To Your Health

Q. I would like to try SAMe for depression. What is good and what is bad about it, and is it safe?

A. S-Adenosyl Methionine (SAMe) comes with a lot of good news and only one bit of bad news: It is really expensive. The good news is that it appears to be entirely safe, with only a few minor side effects reported (increased anxiety, mild diarrhea, and nausea) when used in amounts as high as 3,600 mg/day ($10 worth per day). In other studies using 1,800 mg/day, no significant side effects were noted, and amounts in the range of 400 to 600 mg/day will usually provide noticeable benefits.

SAMe is one of the better-studied natural antidepressants, with more than 100 peer-reviewed studies. Clinical trials with injected or oral SAMe have shown that it is superior to a placebo and is as effective as many common antidepressants in alleviating depression, especially when people are depressed without any apparent cause. And it works comparatively fast. When given by injection, both with and without a prescription antidepressant, symptom relief may be noticeable in as little as seven days.

Biologically, SAMe is a methyl donor; in fact, it is the most essential methyl donor in the brain. It is involved in the synthesis of several neurotransmitters that are activated by attaching a methyl group. Moreover, it is also necessary in the process of attaching a methyl group to DNA, activating genes and allowing them to produce the proteins that are necessary for cells to function optimally.

While all this is indispensable, perhaps just as important is the role of SAMe in membrane function. Certain important membrane components such as phosphatidylcholine are rich in methyl groups, which are provided by SAMe. Phosphatidylcholine makes cell membranes limber. Stiff membranes do not transmit neurotransmitter signals as well as pliant membranes because the receptors on the membranes are a little like parts of a jigsaw puzzle. The neurotransmitter can fit into the receptor easier if some wiggle room is provided by a supple membrane.

Depression often accompanies serious illness.

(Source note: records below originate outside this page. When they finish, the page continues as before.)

lemma hermitian_eigenvalue_real:
  assumes A: "hermitian n A" and x: "eigen_eq n A x \<mu>" and "i < n" "x i \<noteq> 0"
  shows "\<mu> = of_real (Re \<mu>)"
proof -
  have "cinner n x (mat_app n A x) = cinner n x (\<lambda>i. \<mu> * x i)"
    using x by (intro cinner_cong) (simp_all add: eigen_eq_def)
  then have \<mu>x: "cinner n x (mat_app n A x) = \<mu> * of_real (\<Sum>i<n. (cmod (x i))\<^sup>2)"
    by (simp add: cinner_scale_right cinner_self)
  have "cinner n x (mat_app n A x) = cnj (cinner n x (mat_app n A x))"
    by (metis cinner_commute hermitian_cinner_mat_app[OF A])
  then have "Im (cinner n x (mat_app n A x)) = 0" by (metis Reals_cnj_iff complex_is_Real_iff)
  then have "Im \<mu> = 0" using \<mu>x cinner_self_pos[of i n x, OF assms(3,4)] by simp
  then show ?thesis by (simp add: complex_eq_iff)
qed

lemma compression_agrees_on_orthogonal:
  assumes A: "hermitian n A" and eig: "\<forall>p<k. eigen_eq n A (u p) (lam p)"
    and x: "\<forall>p<k. cinner n (u p) x = 0" and "i < n"
  shows "mat_app n (compl_proj n k u * A * compl_proj n k u) x i = mat_app n A x i"
proof -
  let ?Q = "compl_proj n k u"
  have "\<forall>p<k. cinner n (u p) (mat_app n A x) = 0"
    using hermitian_eigen_orthogonal[OF A] eig x by blast
  then have "mat_app n ?Q (mat_app n A x) i = mat_app n A x i"
    using \<open>i < n\<close> by (rule mat_app_compl_proj_orthogonal)
  moreover have "mat_app n ?Q (mat_app n A (mat_app n ?Q x)) i = mat_app n ?Q (mat_app n A x) i"
    using x by (intro mat_app_cong) (auto intro: mat_app_cong simp: mat_app_compl_proj_orthogonal)
  ultimately show ?thesis
    using A \<open>i < n\<close> by (simp add: mat_app_mult3 compl_proj_carrier hermitian_carrier)
qed

lemma compression_eigenvector_orthogonal:
  assumes orth: "orthonormal n k u" and A: "A \<in> carrier_mat n n" and "\<mu> \<noteq> 0"
    and x: "eigen_eq n (compl_proj n k u * A * compl_proj n k u) x \<mu>" and "p < k"
  shows "cinner n (u p) x = 0"
proof -
  let ?Q = "compl_proj n k u"
  have "cinner n (u p) x = cinner n (u p) (\<lambda>i. inverse \<mu> * mat_app n ?Q (mat_app n A (mat_app n ?Q x)) i)"
    using x \<open>\<mu> \<noteq> 0\<close> A
    by (intro cinner_cong) (simp_all add: eigen_eq_def compl_proj_carrier flip: mat_app_mult3)
  then show ?thesis
    using cinner_compl_proj[OF orth \<open>p < k\<close>] by (simp add: cinner_scale_right)
qed
(* Let $\mathfrak{U}$ be a Banach algebra such that $\mathfrak{U}^\sharp$ is symmetrically pseudo-amenable. Then every bounded Jordan derivation from $\mathfrak{U}$ into a symmetric Banach $\mathfrak{U}$-bimodule $X$ is a derivation.
   Context: A Banach $\mathfrak{U}$-bimodule $X$ is symmetric if $ax=xa$ for all $a\in\mathfrak{U}$, $x\in X$. $\mathfrak{U}^\sharp=\mathfrak{U}\oplus\mathbb{C}1$ is the unitization of $\mathfrak{U}$ with the $\ell^1$-norm (a unit is adjoined even if $\mathfrak{U}$ is unital). A linear map $\delta:\mathfrak{U}\to X$ is a derivation if $\delta(ab)=\delta(a)b+a\delta(b)$, and a Jordan derivation if $\delta(ab+ba)=\delta(a)b+a\delta(b)+\delta(b)a+b\delta(a)$, for all $a,b$. For a Banach algebra $\mathfrak{A}$, $\mathfrak{A}\widehat{\otimes}\mathfrak{A}$ is the projective tensor product with $a(b\otimes c)=ab\otimes c$, $(b\otimes c)a=b\otimes ca$, $\pi(b\otimes c)=bc$ (extended linearly and continuously); the flip is $(b\otimes c)^\circ=c\otimes b$ and $\mathbf{t}$ is symmetric if $\mathbf{t}^\circ=\mathbf{t}$. A symmetric approximate diagonal is a net $\{\mathbf{t}_\lambda\}$ (not necessarily bounded) of symmetric elements with $a\mathbf{t}_\lambda-\mathbf{t}_\lambda a\to0$ and $\pi(\mathbf{t}_\lambda)a\to a$ for all $a\in\mathfrak{A}$; $\mathfrak{A}$ is symmetrically pseudo-amenable if it has one. *)

theory Defs
  imports Complex_Main
begin

definition cvs :: "(complex \<Rightarrow> 'v::real_normed_vector \<Rightarrow> 'v) \<Rightarrow> bool" where
  "cvs sc \<longleftrightarrow>
     (\<forall>r x. sc (complex_of_real r) x = scaleR r x) \<and>
     (\<forall>c x y. sc c (x + y) = sc c x + sc c y) \<and>
     (\<forall>c d x. sc (c + d) x = sc c x + sc d x) \<and>
     (\<forall>c d x. sc (c * d) x = sc c (sc d x)) \<and>
     (\<forall>c x. norm (sc c x) = cmod c * norm x)"

definition cbanach_algebra :: "(complex \<Rightarrow> 'a::{real_normed_algebra,banach} \<Rightarrow> 'a) \<Rightarrow> bool" where
  "cbanach_algebra sc \<longleftrightarrow> cvs sc \<and>
     (\<forall>c x y. sc c (x * y) = sc c x * y \<and> sc c (x * y) = x * sc c y)"

(* Unitization U# = U \<oplus> C1, represented by pairs, with l1 norm *)
definition uadd :: "'a::{real_normed_algebra} \<times> complex \<Rightarrow> 'a \<times> complex \<Rightarrow> 'a \<times> complex" where
  "uadd u v = (fst u + fst v, snd u + snd v)"

definition usub :: "'a::{real_normed_algebra} \<times> complex \<Rightarrow> 'a \<times> complex \<Rightarrow> 'a \<times> complex" where
  "usub u v = (fst u - fst v, snd u - snd v)"

definition uscale :: "(complex \<Rightarrow> 'a \<Rightarrow> 'a) \<Rightarrow> complex \<Rightarrow> 'a::{real_normed_algebra} \<times> complex \<Rightarrow> 'a \<times> complex" where
  "uscale sc c u = (sc c (fst u), c * snd u)"

definition umult :: "(complex \<Rightarrow> 'a \<Rightarrow> 'a) \<Rightarrow> 'a::{real_normed_algebra} \<times> complex \<Rightarrow> 'a \<times> complex \<Rightarrow> 'a \<times> complex" where
  "umult sc u v = (fst u * fst v + sc (snd u) (fst v) + sc (snd v) (fst u), snd u * snd v)"

definition unorm :: "'a::{real_normed_algebra} \<times> complex \<Rightarrow> real" where
  "unorm u = norm (fst u) + cmod (snd u)"

(* complex bilinear forms on U# x U# of norm at most 1; by Hahn-Banach these norm the
   projective tensor product U# \<otimes>^ U# (its dual is the space of bounded bilinear forms) *)
definition cbilinear :: "(complex \<Rightarrow> 'a \<Rightarrow> 'a) \<Rightarrow> ('a::{real_normed_algebra} \<times> complex \<Rightarrow> 'a \<times> complex \<Rightarrow> complex) \<Rightarrow> bool" where
  "cbilinear sc \<phi> \<longleftrightarrow>
     (\<forall>u v w. \<phi> (uadd u v) w = \<phi> u w + \<phi> v w) \<and>
     (\<forall>u v w. \<phi> u (uadd v w) = \<phi> u v + \<phi> u w) \<and>
     (\<forall>c u v. \<phi> (uscale sc c u) v = c * \<phi> u v) \<and>
     (\<forall>c u v. \<phi> u (uscale sc c v) = c * \<phi> u v)"

definition pball :: "(complex \<Rightarrow> 'a \<Rightarrow> 'a) \<Rightarrow> ('a::{real_normed_algebra} \<times> complex \<Rightarrow> 'a \<times> complex \<Rightarrow> complex) set" where
  "pball sc = {\<phi>. cbilinear sc \<phi> \<and> (\<forall>u v. cmod (\<phi> u v) \<le> unorm u * unorm v)}"

(* An element of the projective tensor product U# \<otimes>^ U# is represented by a sequence
   (u_n, v_n) with sum ||u_n|| ||v_n|| < \<infinity>, standing for sum u_n \<otimes> v_n. *)
type_synonym 'a tens = "nat \<Rightarrow> ('a \<times> complex) \<times> ('a \<times> complex)"

definition ptensor :: "'a::{real_normed_algebra} tens \<Rightarrow> bool" where
  "ptensor r \<longleftrightarrow> summable (\<lambda>n. unorm (fst (r n)) * unorm (snd (r n)))"

definition pair :: "('a::{real_normed_algebra} \<times> complex \<Rightarrow> 'a \<times> complex \<Rightarrow> complex) \<Rightarrow> 'a tens \<Rightarrow> complex" where
  "pair \<phi> r = (\<Sum>n. \<phi> (fst (r n)) (snd (r n)))"

definition pdist :: "(complex \<Rightarrow> 'a \<Rightarrow> 'a) \<Rightarrow> 'a::{real_normed_algebra} tens \<Rightarrow> 'a tens \<Rightarrow> real" where
  "pdist sc r s = (SUP \<phi>\<in>pball sc. cmod (pair \<phi> r - pair \<phi> s))"

definition flip :: "'a tens \<Rightarrow> 'a tens" where
  "flip r = (\<lambda>n. (snd (r n), fst (r n)))"

definition lact :: "(complex \<Rightarrow> 'a \<Rightarrow> 'a) \<Rightarrow> 'a::{real_normed_algebra} \<times> complex \<Rightarrow> 'a tens \<Rightarrow> 'a tens" where
  "lact sc u r = (\<lambda>n. (umult sc u (fst (r n)), snd (r n)))"

definition ract :: "(complex \<Rightarrow> 'a \<Rightarrow> 'a) \<Rightarrow> 'a::{real_normed_algebra} tens \<Rightarrow> 'a \<times> complex \<Rightarrow> 'a tens" where
  "ract sc r u = (\<lambda>n. (fst (r n), umult sc (snd (r n)) u))"

definition ppi :: "(complex \<Rightarrow> 'a \<Rightarrow> 'a) \<Rightarrow> 'a::{real_normed_algebra} tens \<Rightarrow> 'a \<times> complex" where
  "ppi sc r = ((\<Sum>n. fst (umult sc (fst (r n)) (snd (r n)))),
               (\<Sum>n. snd (umult sc (fst (r n)) (snd (r n)))))"

(* symmetric approximate diagonal for U#, as a net given by a proper filter F and a map t *)
definition sym_approx_diag :: "(complex \<Rightarrow> 'a \<Rightarrow> 'a) \<Rightarrow> 'i filter \<Rightarrow> ('i \<Rightarrow> 'a::{real_normed_algebra} tens) \<Rightarrow> bool" where
  "sym_approx_diag sc F t \<longleftrightarrow>
     F \<noteq> bot \<and>
     (\<forall>\<^sub>F i in F. ptensor (t i) \<and> pdist sc (flip (t i)) (t i) = 0) \<and>
     (\<forall>u. ((\<lambda>i. pdist sc (lact sc u (t i)) (ract sc (t i) u)) \<longlongrightarrow> 0) F) \<and>
     (\<forall>u. ((\<lambda>i. unorm (usub (umult sc (ppi sc (t i)) u) u)) \<longlongrightarrow> 0) F)"

definition sym_pseudo_amenable_unitization :: "(complex \<Rightarrow> 'a::{real_normed_algebra} \<Rightarrow> 'a) \<Rightarrow> bool" where
  "sym_pseudo_amenable_unitization sc \<longleftrightarrow>
     (\<exists>(F :: 'a tens filter) t. sym_approx_diag sc F t)"

definition banach_bimodule ::
  "(complex \<Rightarrow> 'a \<Rightarrow> 'a) \<Rightarrow> (complex \<Rightarrow> 'x \<Rightarrow> 'x) \<Rightarrow> ('a::{real_normed_algebra} \<Rightarrow> 'x::banach \<Rightarrow> 'x) \<Rightarrow> ('x \<Rightarrow> 'a \<Rightarrow> 'x) \<Rightarrow> bool" where
  "banach_bimodule sc scX lm rm \<longleftrightarrow> cvs scX \<and>
     (\<forall>a b x. lm (a + b) x = lm a x + lm b x) \<and>
     (\<forall>a x y. lm a (x + y) = lm a x + lm a y) \<and>
     (\<forall>c a x. lm (sc c a) x = scX c (lm a x)) \<and>
     (\<forall>c a x. lm a (scX c x) = scX c (lm a x)) \<and>
     (\<forall>a b x. rm x (a + b) = rm x a + rm x b) \<and>
     (\<forall>a x y. rm (x + y) a = rm x a + rm y a) \<and>
     (\<forall>c a x. rm x (sc c a) = scX c (rm x a)) \<and>
     (\<forall>c a x. rm (scX c x) a = scX c (rm x a)) \<and>
     (\<forall>a b x. lm (a * b) x = lm a (lm b x)) \<and>
     (\<forall>a b x. rm x (a * b) = rm (rm x a) b) \<and>
     (\<forall>a b x. rm (lm a x) b = lm a (rm x b)) \<and>
     (\<forall>a x. norm (lm a x) \<le> norm a * norm x) \<and>
     (\<forall>a x. norm (rm x a) \<le> norm x * norm a)"

definition symmetric_bimodule :: "('a \<Rightarrow> 'x \<Rightarrow> 'x) \<Rightarrow> ('x \<Rightarrow> 'a \<Rightarrow> 'x) \<Rightarrow> bool" where
  "symmetric_bimodule lm rm \<longleftrightarrow> (\<forall>a x. lm a x = rm x a)"

definition clinear_map :: "(complex \<Rightarrow> 'a \<Rightarrow> 'a) \<Rightarrow> (complex \<Rightarrow> 'x \<Rightarrow> 'x) \<Rightarrow> ('a::real_normed_vector \<Rightarrow> 'x::real_normed_vector) \<Rightarrow> bool" where
  "clinear_map sc scX d \<longleftrightarrow> (\<forall>a b. d (a + b) = d a + d b) \<and> (\<forall>c a. d (sc c a) = scX c (d a))"

definition bounded_map :: "('a::real_normed_vector \<Rightarrow> 'x::real_normed_vector) \<Rightarrow> bool" where
  "bounded_map d \<longleftrightarrow> (\<exists>K. \<forall>a. norm (d a) \<le> K * norm a)"

definition jordan_derivation :: "('a \<Rightarrow> 'x \<Rightarrow> 'x) \<Rightarrow> ('x \<Rightarrow> 'a \<Rightarrow> 'x) \<Rightarrow> ('a::real_normed_algebra \<Rightarrow> 'x::real_normed_vector) \<Rightarrow> bool" where
  "jordan_derivation lm rm d \<longleftrightarrow>
     (\<forall>a b. d (a * b + b * a) = rm (d a) b + lm a (d b) + rm (d b) a + lm b (d a))"

definition derivation :: "('a \<Rightarrow> 'x \<Rightarrow> 'x) \<Rightarrow> ('x \<Rightarrow> 'a \<Rightarrow> 'x) \<Rightarrow> ('a::real_normed_algebra \<Rightarrow> 'x::real_normed_vector) \<Rightarrow> bool" where
  "derivation lm rm d \<longleftrightarrow> (\<forall>a b. d (a * b) = rm (d a) b + lm a (d b))"

end

theory Submission
  imports Defs
begin

text \<open>
  For a Jordan derivation \<open>D\<close> into a symmetric bimodule, \<open>D(ab + ba) = 2(a\<cdot>Db + b\<cdot>Da)\<close>, so \<open>D\<close> is a
  derivation as soon as it annihilates every commutator \<open>c = ab - ba\<close>. By Hahn--Banach it suffices
  to show \<open>f(Dc) = 0\<close> for every bounded functional \<open>f\<close>. On the unitization consider the bounded
  bilinear form \<open>\<phi>(u,v) = f(D(ucv))\<close>. The Jordan triple identity
  \<open>D(ucv + vcu) = (uv + vu)\<cdot>Dc + c\<cdot>D(uv + vu)\<close> makes the symmetric part of \<open>\<phi>\<close> that of the form
  \<open>L(uv)\<close>, where \<open>L(w) = f(w\<cdot>Dc + c\<cdot>Dw)\<close>; and since \<open>c\<close> is a commutator, the transpose
  \<open>\<phi>(v,u) = \<psi>(u, va) - \<psi>(au, v)\<close> with \<open>\<psi>(u,v) = f(D(vbu))\<close>. Pairing with a symmetric approximate
  diagonal \<open>t\<close>, the first description tends to \<open>L(1) = f(Dc)\<close> because \<open>\<pi>(t) \<rightarrow> 1\<close>, and the second
  to \<open>0\<close> because \<open>at - ta \<rightarrow> 0\<close>.
\<close>

section \<open>Hahn--Banach\<close>

text \<open>Partial linear functionals are encoded by their graphs, so that Zorn's lemma applies to the
  inclusion order.\<close>

definition dominated_linear_graphs :: "'v::real_normed_vector \<Rightarrow> ('v \<times> real) set set" where
  "dominated_linear_graphs y = {G. (y, norm y) \<in> G \<and> single_valued G \<and>
     (\<forall>x r x' r'. (x, r) \<in> G \<longrightarrow> (x', r') \<in> G \<longrightarrow> (x + x', r + r') \<in> G) \<and>
     (\<forall>x r a. (x, r) \<in> G \<longrightarrow> (a *\<^sub>R x, a * r) \<in> G) \<and>
     (\<forall>x r. (x, r) \<in> G \<longrightarrow> r \<le> norm x)}"
(* Let $X$ be an $n$-dimensional normed space over $\mathbb{K}\in\{\mathbb{R},\mathbb{C}\}$ and let $Y \subseteq X$ be a subspace of dimension $n-1$ satisfying $\lambda(Y, X)>1$. Let $T=\sum_{i=1}^{l}\alpha_i x_i \otimes f_i$ be a Chalmers–Metcalf operator for $Y$. If there is no non-zero $y \in Y$ with $f_i(y)=0$ for all $1 \leq i \leq l$, then the minimal projection $P: X \to Y$ is unique. In particular, the minimal projection is unique if the restriction $T|_Y:Y \to Y$ is invertible.
   Context: A projection onto $Y$ is a linear $P:X\to Y$ with $P|_Y=\mathrm{id}_Y$; $\lambda(Y,X)$ is the infimum of their operator norms and a minimal projection is one of norm $\lambda(Y,X)$. For $x\in X$, $f\in X^*$, $x\otimes f$ is the operator $z\mapsto f(z)x$. A Chalmers–Metcalf operator for $Y$ is an operator $T=\sum_{i=1}^{l}\alpha_i x_i\otimes f_i:X\to X$ with $(x_i,f_i)\in\mathrm{ext}\,B_X\times\mathrm{ext}\,B_{X^*}$, $\alpha_i>0$, $\sum_i\alpha_i=1$, $T(Y)\subseteq Y$, and $f_i(P_0(x_i))=\|P_0\|=\lambda(Y,X)$ for all $i$ and some fixed minimal projection $P_0:X\to Y$. *)

theory Defs
  imports "HOL-Analysis.Analysis"
begin

text \<open>The scalar field K is a type 'k of class real_normed_field that is (as an
R-algebra) either R or C. A normed space over K is a real normed vector space 'v
with a K-scalar multiplication sc that extends the real one and is norm-homogeneous.\<close>

definition real_or_complex_field :: "'k::real_normed_field itself \<Rightarrow> bool" where
  "real_or_complex_field TYPE('k) \<longleftrightarrow>
     (\<forall>c::'k. \<exists>r. c = of_real r) \<or>
     (\<exists>j::'k. j * j = - 1 \<and> (\<forall>c::'k. \<exists>a b. c = of_real a + of_real b * j))"

definition K_normed_space :: "('k::real_normed_field \<Rightarrow> 'v::real_normed_vector \<Rightarrow> 'v) \<Rightarrow> bool" where
  "K_normed_space sc \<longleftrightarrow> vector_space sc \<and>
     (\<forall>r x. sc (of_real r) x = r *\<^sub>R x) \<and>
     (\<forall>c x. norm (sc c x) = norm c * norm x)"

definition is_projection :: "('k::real_normed_field \<Rightarrow> 'v::real_normed_vector \<Rightarrow> 'v) \<Rightarrow> 'v set \<Rightarrow> ('v \<Rightarrow> 'v) \<Rightarrow> bool" where
  "is_projection sc Y P \<longleftrightarrow> Vector_Spaces.linear sc sc P \<and> range P \<subseteq> Y \<and> (\<forall>y\<in>Y. P y = y)"

definition proj_const :: "('k::real_normed_field \<Rightarrow> 'v::real_normed_vector \<Rightarrow> 'v) \<Rightarrow> 'v set \<Rightarrow> real" where
  "proj_const sc Y = Inf (onorm ` {P. is_projection sc Y P})"

definition minimal_projection :: "('k::real_normed_field \<Rightarrow> 'v::real_normed_vector \<Rightarrow> 'v) \<Rightarrow> 'v set \<Rightarrow> ('v \<Rightarrow> 'v) \<Rightarrow> bool" where
  "minimal_projection sc Y P \<longleftrightarrow> is_projection sc Y P \<and> onorm P = proj_const sc Y"

text \<open>Extreme points of the unit ball of X and of the unit ball of the dual X*
(the dual ball = K-linear functionals of operator norm at most 1; extreme points are
taken with respect to real convex combinations, as usual).\<close>

definition ext_ball :: "'v::real_normed_vector \<Rightarrow> bool" where
  "ext_ball x \<longleftrightarrow> x extreme_point_of cball 0 1"

definition dual_ball :: "('k::real_normed_field \<Rightarrow> 'v::real_normed_vector \<Rightarrow> 'v) \<Rightarrow> ('v \<Rightarrow> 'k) set" where
  "dual_ball sc = {f. Vector_Spaces.linear sc (*) f \<and> onorm f \<le> 1}"

definition ext_dual_ball :: "('k::real_normed_field \<Rightarrow> 'v::real_normed_vector \<Rightarrow> 'v) \<Rightarrow> ('v \<Rightarrow> 'k) \<Rightarrow> bool" where
  "ext_dual_ball sc f \<longleftrightarrow> f \<in> dual_ball sc \<and>
     (\<forall>g\<in>dual_ball sc. \<forall>h\<in>dual_ball sc. \<forall>t::real. 0 < t \<and> t < 1 \<and>
        f = (\<lambda>z. of_real t * g z + of_real (1 - t) * h z) \<longrightarrow> g = h)"

text \<open>The operator sum_{i<l} alpha_i x_i \<otimes> f_i, where (x \<otimes> f)(z) = f(z) x.\<close>

definition CM_op :: "('k::real_normed_field \<Rightarrow> 'v::real_normed_vector \<Rightarrow> 'v) \<Rightarrow> nat \<Rightarrow> (nat \<Rightarrow> real) \<Rightarrow> (nat \<Rightarrow> 'v) \<Rightarrow> (nat \<Rightarrow> 'v \<Rightarrow> 'k) \<Rightarrow> 'v \<Rightarrow> 'v" where
  "CM_op sc l \<alpha> x f = (\<lambda>z. \<Sum>i<l. sc (of_real (\<alpha> i) * f i z) (x i))"

definition Chalmers_Metcalf :: "('k::real_normed_field \<Rightarrow> 'v::real_normed_vector \<Rightarrow> 'v) \<Rightarrow> 'v set \<Rightarrow> nat \<Rightarrow> (nat \<Rightarrow> real) \<Rightarrow> (nat \<Rightarrow> 'v) \<Rightarrow> (nat \<Rightarrow> 'v \<Rightarrow> 'k) \<Rightarrow> bool" where
  "Chalmers_Metcalf sc Y l \<alpha> x f \<longleftrightarrow>
     (\<forall>i<l. ext_ball (x i) \<and> ext_dual_ball sc (f i) \<and> \<alpha> i > 0) \<and>
     (\<Sum>i<l. \<alpha> i) = 1 \<and>
     CM_op sc l \<alpha> x f ` Y \<subseteq> Y \<and>
     (\<exists>P0. minimal_projection sc Y P0 \<and>
        (\<forall>i<l. f i (P0 (x i)) = of_real (onorm P0) \<and> onorm P0 = proj_const sc Y))"

end

theory Submission
  imports Defs
begin
lemma (in prob_space) integral_randomized_rank_cdf_samples:
  fixes g :: "'a \<Rightarrow> 'b::{linorder_topology, second_countable_topology}"
  assumes i: "i < n" and g[measurable]: "g \<in> borel_measurable M"
  shows "(\<integral>t. (\<integral>\<omega>. randomized_rank_cdf (card {m\<in>{..<n}. g (\<omega> m) < g t})
      (card {m\<in>{..<n}. g (\<omega> m) = g t}) i \<partial>PiM {..<n} (\<lambda>_. M)) \<partial>M) = (real i + 1) / (n + 1)"
proof -
  define h where "h \<omega> = rank_cdf (insert n {..<n}) (\<lambda>k. g (\<omega> k)) n i" for \<omega>
  interpret PiM: prob_space "PiM {..<n} (\<lambda>_. M)"
    by (rule prob_space_PiM) (rule prob_space_axioms)
  interpret Ms: product_prob_space "\<lambda>_::nat. M" ..
  interpret M_PiM: pair_prob_space M "PiM {..<n} (\<lambda>_. M)" ..
  have "(\<lambda>(t, w). h (w(n := t))) \<in> borel_measurable (M \<Otimes>\<^sub>M PiM {..<n} (\<lambda>_. M))"
    using borel_measurable_randomized_rank_cdf_samples[OF g, of n i] unfolding h_def rank_cdf_fun_upd .
  then have "integrable (M \<Otimes>\<^sub>M PiM {..<n} (\<lambda>_. M)) (\<lambda>(t, w). h (w(n := t)))"
    by (rule M_PiM.P.integrable_const_bound[where B=1, rotated]) (simp add: h_def abs_rank_cdf_le_1 split_beta')
  then have "(\<integral>t. (\<integral>w. h (w(n := t)) \<partial>PiM {..<n} (\<lambda>_. M)) \<partial>M)
      = (\<integral>w. (\<integral>t. h (w(n := t)) \<partial>M) \<partial>PiM {..<n} (\<lambda>_. M))"
    by (rule M_PiM.Fubini_integral[symmetric])
  also have "\<dots> = (\<integral>w. h w \<partial>PiM (insert n {..<n}) (\<lambda>_. M))"
    unfolding h_def using integrable_rank_cdf_PiM[OF _ _ g, of "insert n {..<n}" n i]
    by (intro Ms.product_integral_insert[symmetric]) auto
  also have "\<dots> = (real i + 1) / (n + 1)"
    unfolding h_def using i by (subst integral_rank_cdf_PiM) auto
  finally show ?thesis by (simp only: h_def rank_cdf_fun_upd)
qed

In a two-year study involving 108 patients with osteoarthritis, 600 mg/day of SAMe was reported to provide significant alleviation of both pain and depression. The depression that may accompany Parkinson's Disease and Alzheimer's Disease also responds to SAMe. Ten of 11 Parkinson's patients experienced at least a 50% reduction in their score on the 17-point Hamilton Depression Scale, and Alzheimer's patients given SAMe were reported to improve in cognitive function as depression was reduced.

As with many nutrients, SAMe may provide benefits other than an expected antidepressant effect. Both animal and human research indicates that SAMe, when given along with alcohol, prevents the accumulation of fat in the liver that alcohol usually induces. Furthermore, within 15 days, SAMe supplements can dislodge fat that has already accumulated. SAMe supplements of 1,200 mg/day for two years reduced the need for liver transplantation in alcoholic liver cirrhosis patients by half.

When something is reported to have many different health and medical applications it may seem too good to be true. However, when you understand the mechanisms behind SAMe's actions within the body it is easier to understand how one substance could have so many achievements.